The output should be every line below that includes the word "finally".

────────────────

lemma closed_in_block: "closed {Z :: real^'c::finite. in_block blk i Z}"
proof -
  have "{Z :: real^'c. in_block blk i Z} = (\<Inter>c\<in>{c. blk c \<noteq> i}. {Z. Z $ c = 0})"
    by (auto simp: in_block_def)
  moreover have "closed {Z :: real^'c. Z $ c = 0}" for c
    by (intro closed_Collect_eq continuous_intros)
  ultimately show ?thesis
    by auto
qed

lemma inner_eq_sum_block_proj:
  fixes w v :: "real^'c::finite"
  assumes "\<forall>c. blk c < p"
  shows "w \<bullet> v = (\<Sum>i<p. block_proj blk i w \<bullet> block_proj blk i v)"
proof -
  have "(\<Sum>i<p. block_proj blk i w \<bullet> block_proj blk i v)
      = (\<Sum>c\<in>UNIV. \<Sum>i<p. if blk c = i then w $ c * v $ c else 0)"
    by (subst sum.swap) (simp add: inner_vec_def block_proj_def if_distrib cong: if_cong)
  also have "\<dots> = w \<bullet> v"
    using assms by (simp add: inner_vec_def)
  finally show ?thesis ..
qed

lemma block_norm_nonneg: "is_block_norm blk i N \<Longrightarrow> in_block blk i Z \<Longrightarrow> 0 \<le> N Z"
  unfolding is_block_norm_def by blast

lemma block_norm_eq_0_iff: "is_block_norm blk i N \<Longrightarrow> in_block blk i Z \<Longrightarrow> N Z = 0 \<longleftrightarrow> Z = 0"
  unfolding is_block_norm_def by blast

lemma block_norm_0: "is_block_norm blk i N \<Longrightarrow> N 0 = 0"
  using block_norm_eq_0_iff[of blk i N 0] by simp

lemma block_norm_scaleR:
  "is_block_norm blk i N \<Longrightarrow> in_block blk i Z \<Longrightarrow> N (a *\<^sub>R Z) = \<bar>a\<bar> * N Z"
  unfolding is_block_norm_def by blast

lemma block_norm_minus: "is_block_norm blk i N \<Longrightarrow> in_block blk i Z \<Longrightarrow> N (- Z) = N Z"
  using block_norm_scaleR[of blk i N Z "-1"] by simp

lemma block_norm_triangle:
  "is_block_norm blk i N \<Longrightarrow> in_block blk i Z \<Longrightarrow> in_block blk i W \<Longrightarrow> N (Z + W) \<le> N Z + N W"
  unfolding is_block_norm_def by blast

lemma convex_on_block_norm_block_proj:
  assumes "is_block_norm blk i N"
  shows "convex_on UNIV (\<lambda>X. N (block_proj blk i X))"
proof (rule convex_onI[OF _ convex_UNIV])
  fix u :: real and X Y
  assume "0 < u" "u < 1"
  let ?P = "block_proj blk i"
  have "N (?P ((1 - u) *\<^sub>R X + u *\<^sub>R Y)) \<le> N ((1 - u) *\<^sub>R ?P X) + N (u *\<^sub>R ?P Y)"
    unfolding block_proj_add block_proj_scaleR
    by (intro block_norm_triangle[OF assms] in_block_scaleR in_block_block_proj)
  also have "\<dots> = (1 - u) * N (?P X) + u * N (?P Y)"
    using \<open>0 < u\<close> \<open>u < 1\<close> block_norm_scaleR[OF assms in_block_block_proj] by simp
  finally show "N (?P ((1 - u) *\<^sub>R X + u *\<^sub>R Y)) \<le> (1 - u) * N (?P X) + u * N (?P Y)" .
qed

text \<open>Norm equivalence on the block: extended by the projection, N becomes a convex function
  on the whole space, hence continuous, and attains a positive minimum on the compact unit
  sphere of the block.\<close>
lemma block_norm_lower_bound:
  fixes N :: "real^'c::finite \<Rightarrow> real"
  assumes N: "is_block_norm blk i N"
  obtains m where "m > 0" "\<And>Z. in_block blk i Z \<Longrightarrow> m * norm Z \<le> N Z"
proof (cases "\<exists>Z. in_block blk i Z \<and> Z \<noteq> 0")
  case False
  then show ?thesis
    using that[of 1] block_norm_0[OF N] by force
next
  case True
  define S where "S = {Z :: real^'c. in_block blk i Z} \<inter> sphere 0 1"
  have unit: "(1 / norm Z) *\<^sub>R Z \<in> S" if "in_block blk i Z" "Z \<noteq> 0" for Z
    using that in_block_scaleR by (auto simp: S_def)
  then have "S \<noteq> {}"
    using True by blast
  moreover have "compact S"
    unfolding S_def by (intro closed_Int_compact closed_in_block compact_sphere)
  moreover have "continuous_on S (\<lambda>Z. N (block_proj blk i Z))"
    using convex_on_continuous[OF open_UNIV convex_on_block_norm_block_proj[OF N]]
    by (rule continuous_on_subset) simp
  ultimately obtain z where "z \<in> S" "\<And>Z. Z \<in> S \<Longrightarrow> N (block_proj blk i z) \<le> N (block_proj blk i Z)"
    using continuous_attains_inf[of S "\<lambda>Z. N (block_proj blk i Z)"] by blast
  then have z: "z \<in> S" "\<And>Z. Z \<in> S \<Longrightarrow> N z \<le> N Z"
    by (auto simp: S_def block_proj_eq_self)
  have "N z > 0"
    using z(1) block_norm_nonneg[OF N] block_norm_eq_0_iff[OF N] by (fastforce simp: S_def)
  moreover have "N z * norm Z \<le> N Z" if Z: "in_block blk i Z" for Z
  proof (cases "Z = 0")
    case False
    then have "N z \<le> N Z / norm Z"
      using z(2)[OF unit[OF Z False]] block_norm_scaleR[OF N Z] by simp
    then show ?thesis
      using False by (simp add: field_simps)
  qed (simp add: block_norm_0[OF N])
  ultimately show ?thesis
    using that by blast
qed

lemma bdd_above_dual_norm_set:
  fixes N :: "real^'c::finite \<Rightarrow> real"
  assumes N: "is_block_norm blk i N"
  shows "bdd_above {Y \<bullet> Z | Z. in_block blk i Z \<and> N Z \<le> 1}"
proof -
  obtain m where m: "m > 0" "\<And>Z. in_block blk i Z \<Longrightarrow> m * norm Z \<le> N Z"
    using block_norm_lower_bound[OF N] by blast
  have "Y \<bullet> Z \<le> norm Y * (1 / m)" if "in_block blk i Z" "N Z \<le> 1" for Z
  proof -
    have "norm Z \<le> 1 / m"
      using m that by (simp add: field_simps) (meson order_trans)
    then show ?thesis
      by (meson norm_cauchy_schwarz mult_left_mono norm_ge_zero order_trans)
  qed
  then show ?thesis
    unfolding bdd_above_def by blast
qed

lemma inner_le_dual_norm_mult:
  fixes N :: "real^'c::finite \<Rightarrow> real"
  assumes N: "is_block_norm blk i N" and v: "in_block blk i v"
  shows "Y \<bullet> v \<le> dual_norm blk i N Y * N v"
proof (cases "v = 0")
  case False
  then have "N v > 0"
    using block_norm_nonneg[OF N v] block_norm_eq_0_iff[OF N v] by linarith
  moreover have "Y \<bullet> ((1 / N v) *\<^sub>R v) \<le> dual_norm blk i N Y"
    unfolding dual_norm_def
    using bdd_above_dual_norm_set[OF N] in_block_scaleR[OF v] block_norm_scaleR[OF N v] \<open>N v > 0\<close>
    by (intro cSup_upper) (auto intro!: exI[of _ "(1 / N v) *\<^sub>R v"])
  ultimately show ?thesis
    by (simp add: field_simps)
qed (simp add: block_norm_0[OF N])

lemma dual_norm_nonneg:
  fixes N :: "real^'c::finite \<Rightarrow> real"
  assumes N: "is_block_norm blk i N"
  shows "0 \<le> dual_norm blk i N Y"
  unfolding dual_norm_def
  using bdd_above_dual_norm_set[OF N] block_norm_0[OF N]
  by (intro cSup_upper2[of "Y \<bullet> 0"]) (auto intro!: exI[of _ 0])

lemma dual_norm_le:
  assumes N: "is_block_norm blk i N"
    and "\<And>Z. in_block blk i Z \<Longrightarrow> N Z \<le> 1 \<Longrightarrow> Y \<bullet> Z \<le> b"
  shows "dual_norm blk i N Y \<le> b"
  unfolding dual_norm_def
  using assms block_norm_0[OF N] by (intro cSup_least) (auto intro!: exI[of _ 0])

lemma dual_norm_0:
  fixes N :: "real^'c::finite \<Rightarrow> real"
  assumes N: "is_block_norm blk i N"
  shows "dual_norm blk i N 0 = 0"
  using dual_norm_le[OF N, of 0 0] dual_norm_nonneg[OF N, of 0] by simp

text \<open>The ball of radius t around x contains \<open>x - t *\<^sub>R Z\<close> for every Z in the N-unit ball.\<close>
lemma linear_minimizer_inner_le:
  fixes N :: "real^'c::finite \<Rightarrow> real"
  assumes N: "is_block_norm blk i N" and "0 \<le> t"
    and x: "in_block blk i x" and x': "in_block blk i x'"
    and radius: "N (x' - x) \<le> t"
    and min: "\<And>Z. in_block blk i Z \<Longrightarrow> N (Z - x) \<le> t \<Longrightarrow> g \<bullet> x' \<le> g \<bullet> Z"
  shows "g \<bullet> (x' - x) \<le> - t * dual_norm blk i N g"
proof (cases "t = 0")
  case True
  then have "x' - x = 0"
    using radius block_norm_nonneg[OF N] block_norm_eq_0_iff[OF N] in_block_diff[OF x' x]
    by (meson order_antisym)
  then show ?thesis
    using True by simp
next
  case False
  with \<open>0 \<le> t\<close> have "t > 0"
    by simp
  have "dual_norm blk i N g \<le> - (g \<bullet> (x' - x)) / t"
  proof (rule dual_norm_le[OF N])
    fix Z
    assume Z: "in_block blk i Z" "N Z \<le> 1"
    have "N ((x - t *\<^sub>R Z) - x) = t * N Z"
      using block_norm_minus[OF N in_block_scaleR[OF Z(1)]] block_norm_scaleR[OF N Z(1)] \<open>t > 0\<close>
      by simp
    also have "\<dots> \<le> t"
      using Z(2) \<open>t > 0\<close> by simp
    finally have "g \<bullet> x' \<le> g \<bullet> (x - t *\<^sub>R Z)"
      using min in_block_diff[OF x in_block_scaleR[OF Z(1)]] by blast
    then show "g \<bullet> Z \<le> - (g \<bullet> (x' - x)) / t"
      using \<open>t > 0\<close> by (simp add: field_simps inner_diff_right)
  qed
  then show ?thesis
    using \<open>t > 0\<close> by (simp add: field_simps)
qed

────────────────

## SOLVED PROBLEM
  finally show ?thesis ..
  finally show "N (?P ((1 - u) *\<^sub>R X + u *\<^sub>R Y)) \<le> (1 - u) * N (?P X) + u * N (?P Y)" .
    finally have "g \<bullet> x' \<le> g \<bullet> (x - t *\<^sub>R Z)"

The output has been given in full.